PERFUSION MRI CHANGES DURING STATUS EPILEPTICUS IN THE RAT PILOCARPINE MODEL
Abstract number :
3.115
Submission category :
1. Translational Research
Year :
2009
Submission ID :
10209
Source :
www.aesnet.org
Presentation date :
12/4/2009 12:00:00 AM
Published date :
Aug 26, 2009, 08:12 AM
Authors :
M. Choy, M. Lythgoe, J. Wells, E. Proctor, D. Thomas, D. Gadian and Rod Scott
Rationale: There is a known relationship between convulsive status epilepticus (SE) and hippocampal injury, although the precise causes of hippocampal vulnerability remain uncertain, potential mechanisms include excitotoxicity and ischaemia. It is hypothesised that during the early phase of seizures, CBF increases in the cortex to meet energy demand, but it remains uncertain whether these compensatory mechanisms occur in the hippocampus. Therefore we used perfusion MRI to investigate CBF changes following pilocarpine-induced SE in the fentanyl/medetomidine anaesthetised rat. Methods: Thirteen adult Sprague-Dawley rats were anaesthetised with fentanyl/medetomidine, and placed on a specially modified animal holder to reduce the effects of seizures-associated motion. Arterial spin labelling perfusion imaging was performed contiguously for up to 3 hours.

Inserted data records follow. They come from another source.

lemma limiting_normal_cone_preimage_subset:
  "limiting_normal_cone X (\<gamma> -` D) \<subseteq>
     {\<Lambda> a y | y a. y \<in> limiting_normal_cone (\<gamma> X) D \<and> a \<in> spectral_index_set \<gamma> A \<Lambda> X}"
proof
  fix V
  assume "V \<in> limiting_normal_cone X (\<gamma> -` D)"
  then obtain xs ys where "\<gamma> X \<in> D" and xs: "xs \<longlonglongrightarrow> X" and ys: "ys \<longlonglongrightarrow> V"
    and normal: "\<And>n. ys n \<in> frechet_normal_cone (xs n) (\<gamma> -` D)"
    by (auto simp: limiting_normal_cone_def split: if_splits)
  have "\<forall>n. \<exists>b v. (b \<in> A \<and> xs n = \<Lambda> b (\<gamma> (xs n))) \<and>
               v \<in> frechet_normal_cone (\<gamma> (xs n)) D \<and> ys n = \<Lambda> b v"
    using normal frechet_normal_cone_preimage unfolding spectral_index_set_def by blast
  then obtain b v where b: "\<And>n. b n \<in> A" and xs_eq: "\<And>n. xs n = \<Lambda> (b n) (\<gamma> (xs n))"
    and v: "\<And>n. v n \<in> frechet_normal_cone (\<gamma> (xs n)) D" and ys_eq: "\<And>n. ys n = \<Lambda> (b n) (v n)"
    by metis
  have "(\<lambda>n. \<Lambda> (b n) (\<gamma> (xs n))) \<longlonglongrightarrow> X" "(\<lambda>n. \<Lambda> (b n) (v n)) \<longlonglongrightarrow> V"
    using xs ys by (simp_all flip: xs_eq ys_eq)
  then obtain b0 v0 r where "b0 \<in> A" "strict_mono r" "(v \<circ> r) \<longlonglongrightarrow> v0"
    and "X = \<Lambda> b0 (\<gamma> X)" "V = \<Lambda> b0 v0"
    using Lambda_subseq_limit[of b, OF b tendsto_gamma[OF xs]] by blast
  moreover have "v0 \<in> limiting_normal_cone (\<gamma> X) D"
    using \<open>\<gamma> X \<in> D\<close> LIMSEQ_subseq_LIMSEQ[OF tendsto_gamma[OF xs] \<open>strict_mono r\<close>]
      \<open>(v \<circ> r) \<longlonglongrightarrow> v0\<close> v
    unfolding limiting_normal_cone_def o_def by auto
  ultimately show "V \<in> {\<Lambda> a y | y a. y \<in> limiting_normal_cone (\<gamma> X) D \<and> a \<in> spectral_index_set \<gamma> A \<Lambda> X}"
    unfolding spectral_index_set_def by blast
qed

lemma limiting_normal_cone_preimage_supset:
  "{\<Lambda> a y | y a. y \<in> limiting_normal_cone (\<gamma> X) D \<and> a \<in> spectral_index_set \<gamma> A \<Lambda> X} \<subseteq>
     limiting_normal_cone X (\<gamma> -` D)"
proof
  fix V
  assume "V \<in> {\<Lambda> a y | y a. y \<in> limiting_normal_cone (\<gamma> X) D \<and> a \<in> spectral_index_set \<gamma> A \<Lambda> X}"
  then obtain y a where V: "V = \<Lambda> a y" and y: "y \<in> limiting_normal_cone (\<gamma> X) D"
    and a: "a \<in> A" "X = \<Lambda> a (\<gamma> X)"
    by (auto simp: spectral_index_set_def)
  then obtain xs ys where "\<gamma> X \<in> D" and xs: "xs \<longlonglongrightarrow> \<gamma> X" and ys: "ys \<longlonglongrightarrow> y"
    and normal: "\<And>n. ys n \<in> frechet_normal_cone (xs n) D"
    by (auto simp: limiting_normal_cone_def split: if_splits)
  have "(\<lambda>n. \<Lambda> a (xs n)) \<longlonglongrightarrow> X" "(\<lambda>n. \<Lambda> a (ys n)) \<longlonglongrightarrow> V"
    using tendsto_Lambda[OF a(1) xs] tendsto_Lambda[OF a(1) ys] by (simp_all add: V flip: a(2))
  moreover have "\<Lambda> a (ys n) \<in> frechet_normal_cone (\<Lambda> a (xs n)) (\<gamma> -` D)" for n
    using normal by (simp add: frechet_normal_cone_Lambda_iff[OF D a(1)])
  ultimately show "V \<in> limiting_normal_cone X (\<gamma> -` D)"
    using \<open>\<gamma> X \<in> D\<close> unfolding limiting_normal_cone_def by auto
qed

lemma limiting_normal_cone_preimage:
  "limiting_normal_cone X (\<gamma> -` D) =
     {\<Lambda> a y | y a. y \<in> limiting_normal_cone (\<gamma> X) D \<and> a \<in> spectral_index_set \<gamma> A \<Lambda> X}"
  using limiting_normal_cone_preimage_subset limiting_normal_cone_preimage_supset by (rule equalityI)

end

end

theorem proposition3p4:
  fixes G :: "('g, 'm) monoid_scheme"
    and act :: "'g \<Rightarrow> 'x::euclidean_space \<Rightarrow> 'x"
    and \<gamma> :: "'h::euclidean_space \<Rightarrow> 'x"
    and A :: "'a set"
    and \<Lambda> :: "'a \<Rightarrow> 'x \<Rightarrow> 'h"
    and D :: "'x set"
    and X :: 'h
  assumes "spectral_decomposition_system G act \<gamma> A \<Lambda>"
    and "closed ((\<lambda>a. Blinfun (\<Lambda> a)) ` A)"
    and "D \<noteq> {}"
    and "S_invariant G act D"
  shows "(frechet_normal_cone X (\<gamma> -` D) =
           {\<Lambda> a y | y a. y \<in> frechet_normal_cone (\<gamma> X) D \<and> a \<in> spectral_index_set \<gamma> A \<Lambda> X}) \<and>
         (limiting_normal_cone X (\<gamma> -` D) =
           {\<Lambda> a y | y a. y \<in> limiting_normal_cone (\<gamma> X) D \<and> a \<in> spectral_index_set \<gamma> A \<Lambda> X})"
proof -
  obtain \<tau> where orbit: "\<forall>x. \<exists>g\<in>carrier G. \<tau> x = act g x" and factor: "\<forall>a\<in>A. \<gamma> \<circ> \<Lambda> a = \<tau>"
    using assms(1) unfolding spectral_decomposition_system_def by blast
  have "\<gamma> (\<Lambda> a x) = \<tau> x" if "a \<in> A" for a x
    using factor that by (metis comp_apply)
  then interpret closed_spectral_system G act \<gamma> A \<Lambda>
    using assms(1,2) orbit
    by unfold_locales (auto simp: spectral_decomposition_system_def)
  show ?thesis
    using frechet_normal_cone_preimage[OF assms(4)] limiting_normal_cone_preimage[OF assms(4)] by blast
qed

end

Methylscopolamine i.p. (1mg/kg) was given to reduce mortality. Either pilocarpine (375mg/kg) (n=7) for induction of SE or saline (n=6) was administered. Diazepam (10mg/kg) was administered i.p. 90 min after the onset of SE. Results: We have demonstrated that there are time-dependent differences between the regional CBF responses in the cortex and the hippocampus during pilocarpine-induced SE. More specifically, while increases in cortical CBF were observed during the early stages of SE, only a limited CBF change was seen in the hippocampus. The subsequent lack of difference between the two regions during the later stages of SE may reflect the hypothesised local failure of the vascular system due to persistent seizure activity. Conclusions: These data support the hypothesis that during SE a relative ischaemia may contribute to the selective vulnerability in the hippocampus.